= Beginning of Section =
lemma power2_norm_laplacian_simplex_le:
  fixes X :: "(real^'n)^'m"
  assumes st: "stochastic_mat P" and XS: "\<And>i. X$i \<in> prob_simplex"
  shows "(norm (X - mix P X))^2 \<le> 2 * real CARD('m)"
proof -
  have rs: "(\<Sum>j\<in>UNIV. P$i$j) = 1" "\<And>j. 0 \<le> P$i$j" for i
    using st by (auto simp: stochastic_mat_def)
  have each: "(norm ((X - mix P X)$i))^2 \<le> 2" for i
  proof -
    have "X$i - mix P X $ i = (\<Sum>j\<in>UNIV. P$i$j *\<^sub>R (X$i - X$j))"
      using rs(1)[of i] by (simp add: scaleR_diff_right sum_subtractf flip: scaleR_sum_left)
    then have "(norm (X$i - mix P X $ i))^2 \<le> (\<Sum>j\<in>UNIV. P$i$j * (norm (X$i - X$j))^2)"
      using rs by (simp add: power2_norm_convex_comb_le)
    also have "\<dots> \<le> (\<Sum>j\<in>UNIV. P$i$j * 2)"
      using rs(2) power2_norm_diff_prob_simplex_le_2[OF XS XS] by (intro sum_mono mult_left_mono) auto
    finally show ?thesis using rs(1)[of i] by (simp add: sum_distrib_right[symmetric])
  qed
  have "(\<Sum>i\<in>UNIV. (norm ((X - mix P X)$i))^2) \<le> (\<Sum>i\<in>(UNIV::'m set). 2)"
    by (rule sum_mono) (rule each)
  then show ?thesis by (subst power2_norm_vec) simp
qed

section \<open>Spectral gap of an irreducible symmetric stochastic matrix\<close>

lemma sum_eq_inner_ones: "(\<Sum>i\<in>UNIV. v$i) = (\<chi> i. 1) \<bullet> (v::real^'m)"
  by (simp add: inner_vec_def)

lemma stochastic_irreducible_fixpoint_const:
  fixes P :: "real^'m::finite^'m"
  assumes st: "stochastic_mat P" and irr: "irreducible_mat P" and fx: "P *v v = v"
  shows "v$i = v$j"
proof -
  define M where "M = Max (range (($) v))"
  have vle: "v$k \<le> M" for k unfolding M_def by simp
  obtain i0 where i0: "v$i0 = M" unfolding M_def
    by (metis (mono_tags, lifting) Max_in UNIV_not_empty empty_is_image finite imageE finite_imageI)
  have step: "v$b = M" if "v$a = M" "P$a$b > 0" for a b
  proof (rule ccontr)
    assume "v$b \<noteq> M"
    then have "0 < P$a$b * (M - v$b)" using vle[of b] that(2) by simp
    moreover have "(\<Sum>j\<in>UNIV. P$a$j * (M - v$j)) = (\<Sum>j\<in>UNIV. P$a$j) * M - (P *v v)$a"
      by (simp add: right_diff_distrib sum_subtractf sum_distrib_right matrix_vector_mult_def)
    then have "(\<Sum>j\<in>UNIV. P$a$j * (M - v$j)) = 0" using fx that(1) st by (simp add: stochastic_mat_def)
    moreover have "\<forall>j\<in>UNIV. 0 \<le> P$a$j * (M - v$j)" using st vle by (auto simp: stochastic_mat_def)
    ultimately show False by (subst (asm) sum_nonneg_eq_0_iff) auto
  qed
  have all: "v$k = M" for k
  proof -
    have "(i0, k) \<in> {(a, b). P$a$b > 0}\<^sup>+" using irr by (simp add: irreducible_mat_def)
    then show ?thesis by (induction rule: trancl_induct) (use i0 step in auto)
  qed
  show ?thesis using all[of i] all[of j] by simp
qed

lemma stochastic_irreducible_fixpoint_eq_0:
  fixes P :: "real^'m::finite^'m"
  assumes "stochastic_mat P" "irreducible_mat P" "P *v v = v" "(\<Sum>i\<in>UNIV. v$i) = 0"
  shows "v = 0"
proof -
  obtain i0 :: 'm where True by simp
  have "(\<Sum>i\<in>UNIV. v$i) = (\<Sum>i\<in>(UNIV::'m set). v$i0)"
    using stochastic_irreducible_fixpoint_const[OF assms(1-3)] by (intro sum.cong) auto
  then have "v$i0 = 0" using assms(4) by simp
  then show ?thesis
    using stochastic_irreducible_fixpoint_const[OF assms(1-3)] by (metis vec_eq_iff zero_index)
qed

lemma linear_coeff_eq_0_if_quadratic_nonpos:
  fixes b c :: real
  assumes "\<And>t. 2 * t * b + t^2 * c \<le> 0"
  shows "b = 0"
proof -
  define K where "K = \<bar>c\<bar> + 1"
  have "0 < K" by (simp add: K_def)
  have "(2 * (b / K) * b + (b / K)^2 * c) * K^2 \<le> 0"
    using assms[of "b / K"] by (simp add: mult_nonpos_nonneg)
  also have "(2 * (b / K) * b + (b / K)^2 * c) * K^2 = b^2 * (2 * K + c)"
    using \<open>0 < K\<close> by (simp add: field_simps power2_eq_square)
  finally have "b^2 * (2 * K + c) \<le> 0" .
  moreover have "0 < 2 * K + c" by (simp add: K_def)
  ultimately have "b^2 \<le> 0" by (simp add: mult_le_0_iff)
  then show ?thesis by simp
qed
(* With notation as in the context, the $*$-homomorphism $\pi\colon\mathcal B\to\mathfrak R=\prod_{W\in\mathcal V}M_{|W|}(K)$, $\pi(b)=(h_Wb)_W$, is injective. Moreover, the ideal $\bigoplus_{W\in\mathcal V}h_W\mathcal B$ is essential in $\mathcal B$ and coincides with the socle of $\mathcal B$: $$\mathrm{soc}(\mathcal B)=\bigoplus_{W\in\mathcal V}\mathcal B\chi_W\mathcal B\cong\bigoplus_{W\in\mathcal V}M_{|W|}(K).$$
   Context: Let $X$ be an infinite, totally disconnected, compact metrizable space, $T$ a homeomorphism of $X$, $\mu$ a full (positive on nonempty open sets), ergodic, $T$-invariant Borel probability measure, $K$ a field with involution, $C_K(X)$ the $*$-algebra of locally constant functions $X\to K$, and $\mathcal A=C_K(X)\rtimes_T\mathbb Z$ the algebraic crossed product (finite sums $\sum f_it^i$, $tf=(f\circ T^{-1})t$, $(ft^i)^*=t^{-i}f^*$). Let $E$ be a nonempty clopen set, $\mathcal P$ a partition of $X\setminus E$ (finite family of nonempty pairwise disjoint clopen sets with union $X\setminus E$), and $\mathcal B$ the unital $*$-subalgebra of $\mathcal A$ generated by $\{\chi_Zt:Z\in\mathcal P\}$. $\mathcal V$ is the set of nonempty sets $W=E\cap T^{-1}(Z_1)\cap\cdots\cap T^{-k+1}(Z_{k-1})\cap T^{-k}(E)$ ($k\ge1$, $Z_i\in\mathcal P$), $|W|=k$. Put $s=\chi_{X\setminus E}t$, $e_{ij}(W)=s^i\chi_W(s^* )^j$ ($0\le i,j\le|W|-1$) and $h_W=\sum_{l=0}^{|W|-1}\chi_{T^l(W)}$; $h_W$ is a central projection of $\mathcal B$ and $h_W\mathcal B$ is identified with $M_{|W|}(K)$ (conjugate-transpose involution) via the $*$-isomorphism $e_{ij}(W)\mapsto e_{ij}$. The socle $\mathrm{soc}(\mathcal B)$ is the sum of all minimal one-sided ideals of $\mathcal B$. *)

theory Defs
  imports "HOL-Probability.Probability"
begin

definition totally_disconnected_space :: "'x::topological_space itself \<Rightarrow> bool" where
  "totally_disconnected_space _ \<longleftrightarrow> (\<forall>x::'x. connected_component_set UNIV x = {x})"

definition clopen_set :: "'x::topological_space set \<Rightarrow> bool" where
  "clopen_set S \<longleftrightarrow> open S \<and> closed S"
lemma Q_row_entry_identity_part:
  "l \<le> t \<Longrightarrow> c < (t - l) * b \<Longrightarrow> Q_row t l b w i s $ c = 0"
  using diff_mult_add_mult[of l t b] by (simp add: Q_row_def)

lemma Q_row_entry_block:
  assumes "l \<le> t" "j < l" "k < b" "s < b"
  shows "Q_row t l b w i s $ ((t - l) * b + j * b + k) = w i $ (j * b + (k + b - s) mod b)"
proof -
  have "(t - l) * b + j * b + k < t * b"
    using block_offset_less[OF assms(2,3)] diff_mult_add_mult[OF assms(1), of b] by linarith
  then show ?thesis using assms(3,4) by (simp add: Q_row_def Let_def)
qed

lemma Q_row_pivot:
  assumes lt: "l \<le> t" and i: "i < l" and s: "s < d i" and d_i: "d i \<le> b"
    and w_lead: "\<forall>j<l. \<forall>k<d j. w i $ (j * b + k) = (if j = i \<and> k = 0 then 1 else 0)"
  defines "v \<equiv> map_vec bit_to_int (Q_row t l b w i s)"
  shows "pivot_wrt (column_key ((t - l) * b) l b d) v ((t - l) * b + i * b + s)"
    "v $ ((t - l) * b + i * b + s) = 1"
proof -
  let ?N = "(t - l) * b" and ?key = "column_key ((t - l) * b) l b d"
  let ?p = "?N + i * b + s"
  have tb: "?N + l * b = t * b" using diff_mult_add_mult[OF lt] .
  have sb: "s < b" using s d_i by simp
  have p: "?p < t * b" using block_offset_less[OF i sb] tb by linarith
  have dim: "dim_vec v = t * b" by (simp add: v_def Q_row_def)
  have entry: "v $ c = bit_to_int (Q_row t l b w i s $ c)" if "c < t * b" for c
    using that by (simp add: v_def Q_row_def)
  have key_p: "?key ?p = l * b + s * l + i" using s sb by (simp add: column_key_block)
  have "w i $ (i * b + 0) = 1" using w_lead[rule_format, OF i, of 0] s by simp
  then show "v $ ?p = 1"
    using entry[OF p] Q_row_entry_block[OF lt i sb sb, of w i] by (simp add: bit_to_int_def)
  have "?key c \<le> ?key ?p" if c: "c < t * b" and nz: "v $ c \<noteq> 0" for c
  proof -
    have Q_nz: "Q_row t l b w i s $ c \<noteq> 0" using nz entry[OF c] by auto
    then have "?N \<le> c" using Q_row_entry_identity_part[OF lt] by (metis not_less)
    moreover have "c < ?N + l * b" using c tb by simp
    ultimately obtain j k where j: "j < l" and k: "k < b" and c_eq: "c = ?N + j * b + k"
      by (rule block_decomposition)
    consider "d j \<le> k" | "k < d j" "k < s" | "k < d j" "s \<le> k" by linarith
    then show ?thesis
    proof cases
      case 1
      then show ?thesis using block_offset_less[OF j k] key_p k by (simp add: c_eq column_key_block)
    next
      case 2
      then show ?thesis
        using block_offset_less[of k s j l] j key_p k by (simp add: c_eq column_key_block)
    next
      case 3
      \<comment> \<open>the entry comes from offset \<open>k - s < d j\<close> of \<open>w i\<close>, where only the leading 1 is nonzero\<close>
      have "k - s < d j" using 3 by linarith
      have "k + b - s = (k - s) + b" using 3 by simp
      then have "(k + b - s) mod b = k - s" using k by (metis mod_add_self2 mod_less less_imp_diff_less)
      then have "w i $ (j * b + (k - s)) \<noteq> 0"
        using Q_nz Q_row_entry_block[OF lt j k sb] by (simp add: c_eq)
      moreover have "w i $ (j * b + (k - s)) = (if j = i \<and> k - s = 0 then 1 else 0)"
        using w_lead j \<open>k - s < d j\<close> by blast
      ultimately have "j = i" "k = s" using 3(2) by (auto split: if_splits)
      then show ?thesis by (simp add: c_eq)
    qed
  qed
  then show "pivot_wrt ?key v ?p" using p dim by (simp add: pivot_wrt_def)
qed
= End of Section =
Requirement >>
Beginning with the line holding "using block_offset_less[OF assms(2,3)]" and ending with the line holding "using that by (simp add: v_def Q_row_def)", write out the stretch of material above exactly; add no further lines.

Response area >>
    using block_offset_less[OF assms(2,3)] diff_mult_add_mult[OF assms(1), of b] by linarith
  then show ?thesis using assms(3,4) by (simp add: Q_row_def Let_def)
qed

lemma Q_row_pivot:
  assumes lt: "l \<le> t" and i: "i < l" and s: "s < d i" and d_i: "d i \<le> b"
    and w_lead: "\<forall>j<l. \<forall>k<d j. w i $ (j * b + k) = (if j = i \<and> k = 0 then 1 else 0)"
  defines "v \<equiv> map_vec bit_to_int (Q_row t l b w i s)"
  shows "pivot_wrt (column_key ((t - l) * b) l b d) v ((t - l) * b + i * b + s)"
    "v $ ((t - l) * b + i * b + s) = 1"
proof -
  let ?N = "(t - l) * b" and ?key = "column_key ((t - l) * b) l b d"
  let ?p = "?N + i * b + s"
  have tb: "?N + l * b = t * b" using diff_mult_add_mult[OF lt] .
  have sb: "s < b" using s d_i by simp
  have p: "?p < t * b" using block_offset_less[OF i sb] tb by linarith
  have dim: "dim_vec v = t * b" by (simp add: v_def Q_row_def)
  have entry: "v $ c = bit_to_int (Q_row t l b w i s $ c)" if "c < t * b" for c
    using that by (simp add: v_def Q_row_def)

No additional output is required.